The kagu's initial decline was caused by subsistence hunting. The bird was trapped extensively for the European pet trade and for museums and zoos until it was afforded protection. It is threatened by introduced cats, pigs, and dogs. New Caledonia lacked mammals (except for bats) before the arrival of humans, and many of its native species have been negatively affected by introduced mammals. Rats have a big impact on nestlings, accounting for 55% of nestling losses. Kagus also suffer from habitat loss caused by mining and forestry.

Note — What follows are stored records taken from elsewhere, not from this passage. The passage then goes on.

lemma
  assumes "odd m" and "h > 0"
  shows Lplus_start: "Lplus m h 0 = (- uh m h, - (uh m h ^ m))"
    and Lplus_end: "Lplus m h 1 = (uh m h, uh m h ^ m)"
proof -
  have m: "m > 0"
    using assms(1) by (rule odd_pos)
  have "h = (uh m h)\<^sup>2 + (uh m h ^ m)\<^sup>2"
    using uh_sum_powers[OF m assms(2)] by (simp add: power_mult mult.commute)
  then have "sqrt h * cos (thetaB m h) = uh m h" and "sqrt h * sin (thetaB m h) = uh m h ^ m"
    using polar_arctan[OF uh_pos[OF m assms(2)], of "uh m h ^ m"] by (simp_all add: thetaB_def)
  then show "Lplus m h 0 = (- uh m h, - (uh m h ^ m))" and "Lplus m h 1 = (uh m h, uh m h ^ m)"
    by (simp_all add: Lplus_eq_arc[OF assms(1)] circle_arc_def)
qed

definition circle_primitive :: "nat \<Rightarrow> nat \<Rightarrow> real \<Rightarrow> real \<Rightarrow> real" where
  "circle_primitive i b h x =
     (\<Sum>k\<le>b. real (b choose k) * (-1) ^ k * h ^ (b - k) * (x ^ (i + 2 * k + 1) / real (i + 2 * k + 1)))"

lemma circle_primitive_deriv:
  "(circle_primitive i b h has_real_derivative x ^ i * (h - x\<^sup>2) ^ b) (at x)"
proof -
  have monomial: "((\<lambda>x. x ^ (n + 1) / real (n + 1)) has_real_derivative x ^ n) (at x)" for n
    using DERIV_cdivide[OF DERIV_pow[of "n + 1" x], of "real (n + 1)"] by simp
  have deriv: "(circle_primitive i b h has_real_derivative
          (\<Sum>k\<le>b. real (b choose k) * (-1) ^ k * h ^ (b - k) * x ^ (i + 2 * k))) (at x)"
    unfolding circle_primitive_def [abs_def] by (rule DERIV_sum) (rule DERIV_cmult[OF monomial])
  have "(h - x\<^sup>2) ^ b = (\<Sum>k\<le>b. real (b choose k) * (- x\<^sup>2) ^ k * h ^ (b - k))"
    unfolding binomial_ring [symmetric] by simp
  then have "x ^ i * (h - x\<^sup>2) ^ b = (\<Sum>k\<le>b. real (b choose k) * (-1) ^ k * h ^ (b - k) * x ^ (i + 2 * k))"
    unfolding power_add power_mult by (simp add: sum_distrib_left power_minus' mult_ac)
  with deriv show ?thesis
    by simp
qed

lemma circle_primitive_uminus: "circle_primitive i b h (- x) = (-1) ^ (i + 1) * circle_primitive i b h x"
  unfolding circle_primitive_def sum_distrib_left
  by (rule sum.cong) (simp_all add: power_minus' power_add power_mult)

lemma Jint_eq_Iint:
  assumes "odd m"
  shows "Jint m i j h = (-1) ^ (i + j + 1) * Iint m i j h"
proof -
  have "Jint m i j h = line_integral_dx (\<lambda>(x, y). x ^ i * y ^ j) (\<lambda>t. - circle_arc (sqrt h) (thetaB m h) t)"
    unfolding Jint_def Lplus_eq_arc[OF assms] circle_arc_add_pi ..
  also have "\<dots> = - line_integral_dx (\<lambda>p. (-1) ^ (i + j) * (case p of (x, y) \<Rightarrow> x ^ i * y ^ j)) (circle_arc (sqrt h) (thetaB m h))"
    by (subst line_integral_dx_uminus_path[OF has_real_derivative_circle_arc_fst])
       (simp add: case_prod_unfold power_minus' power_add mult_ac)
  also have "\<dots> = (-1) ^ (i + j + 1) * Iint m i j h"
    by (simp add: Iint_def Lminus_eq_arc[OF assms] line_integral_dx_def case_prod_unfold mult.assoc)
  finally show ?thesis .
qed

lemma Jint_even_power:
  assumes "odd m" and "h > 0"
  shows "Jint m i (2 * b) h = circle_primitive i b h (uh m h) - circle_primitive i b h (- uh m h)"
proof -
  let ?x = "\<lambda>t. fst (Lplus m h t)" and ?y = "\<lambda>t. snd (Lplus m h t)"
  have "Jint m i (2 * b) h = circle_primitive i b h (?x 1) - circle_primitive i b h (?x 0)"
    unfolding Jint_def
  proof (rule line_integral_dx_fundamental[OF has_real_derivative_Lplus_fst[OF assms(1)]])
    fix t
    have "?y t ^ 2 = h - ?x t ^ 2"
      using Lplus_on_circle[OF assms, of t] by simp
    then show "((\<lambda>t. circle_primitive i b h (?x t)) has_real_derivative
        (case Lplus m h t of (x, y) \<Rightarrow> x ^ i * y ^ (2 * b)) * (pi * ?y t)) (at t)"
      using DERIV_chain2[OF circle_primitive_deriv has_real_derivative_Lplus_fst[OF assms(1)]]
      by (simp add: case_prod_unfold power_mult)
  qed
  then show ?thesis
    by (simp add: Lplus_start[OF assms] Lplus_end[OF assms])
qed

lemma Jint_odd_even:
  assumes "odd m" and "h > 0" and "odd i"
  shows "Jint m i (2 * b) h = 0"
  using Jint_even_power[OF assms(1,2)] assms(3) by (simp add: circle_primitive_uminus)

lemma Jint_even_even:
  assumes "odd m" and "h > 0"
  shows "Jint m (2 * a) (2 * b) h = 2 * circle_primitive (2 * a) b h (uh m h)"
  using Jint_even_power[OF assms] by (simp add: circle_primitive_uminus)

lemma Jint_odd_odd:
  assumes "odd m" and "h > 0"
  shows "Jint m (2 * a + 1) (2 * b + 1) h = - 2 * circle_primitive (2 * b + 2) a h (uh m h ^ m)"
proof -
  let ?x = "\<lambda>t. fst (Lplus m h t)" and ?y = "\<lambda>t. snd (Lplus m h t)"
  let ?P = "circle_primitive (2 * b + 2) a h"
  have "Jint m (2 * a + 1) (2 * b + 1) h = - ?P (?y 1) - - ?P (?y 0)"
    unfolding Jint_def
  proof (rule line_integral_dx_fundamental[OF has_real_derivative_Lplus_fst[OF assms(1)]])
    fix t
    have "h - ?y t ^ 2 = ?x t ^ 2"
      using Lplus_on_circle[OF assms, of t] by simp
    then have "(h - ?y t ^ 2) ^ a = ?x t ^ (2 * a)"
      by (simp add: power_mult)
    then have integrand: "- (?y t ^ (2 * b + 2) * (h - ?y t ^ 2) ^ a * (- pi * ?x t)) =
        (case Lplus m h t of (x, y) \<Rightarrow> x ^ (2 * a + 1) * y ^ (2 * b + 1)) * (pi * ?y t)"
      by (simp add: case_prod_unfold power_add mult_ac)
    have "((\<lambda>t. - ?P (?y t)) has_real_derivative
        - (?y t ^ (2 * b + 2) * (h - ?y t ^ 2) ^ a * (- pi * ?x t))) (at t)"
      by (rule DERIV_minus[OF DERIV_chain2[OF circle_primitive_deriv has_real_derivative_Lplus_snd[OF assms(1)]]])
    then show "((\<lambda>t. - ?P (?y t)) has_real_derivative
        (case Lplus m h t of (x, y) \<Rightarrow> x ^ (2 * a + 1) * y ^ (2 * b + 1)) * (pi * ?y t)) (at t)"
      unfolding integrand .
  qed
  then show ?thesis
    by (simp add: Lplus_start[OF assms] Lplus_end[OF assms] circle_primitive_uminus)
qed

Concern was first raised about the future of the kagu in 1904. A visiting American scientist noted in 1948 that the extinction of the species was probable, and identified the many threats the species faced. The first concrete evidence of the impact of dogs came when a New Zealand researcher's study population was quickly exterminated by dogs in the 1990s, although suspicions about the importance of dogs and other predators had been voiced before this and dog-control measures had been enacted in some areas in the 1980s. The kagu is listed as endangered (CITES I) and enjoys full protection in New Caledonia. It has been the subject of dedicated conservation efforts and is receptive to ex-situ conservation, breeding well in Nouméa Zoo. It is also prospering in Rivière Bleue Territorial Park, which has a pest-management programme and has been the site of releases into the wild of captive-bred birds.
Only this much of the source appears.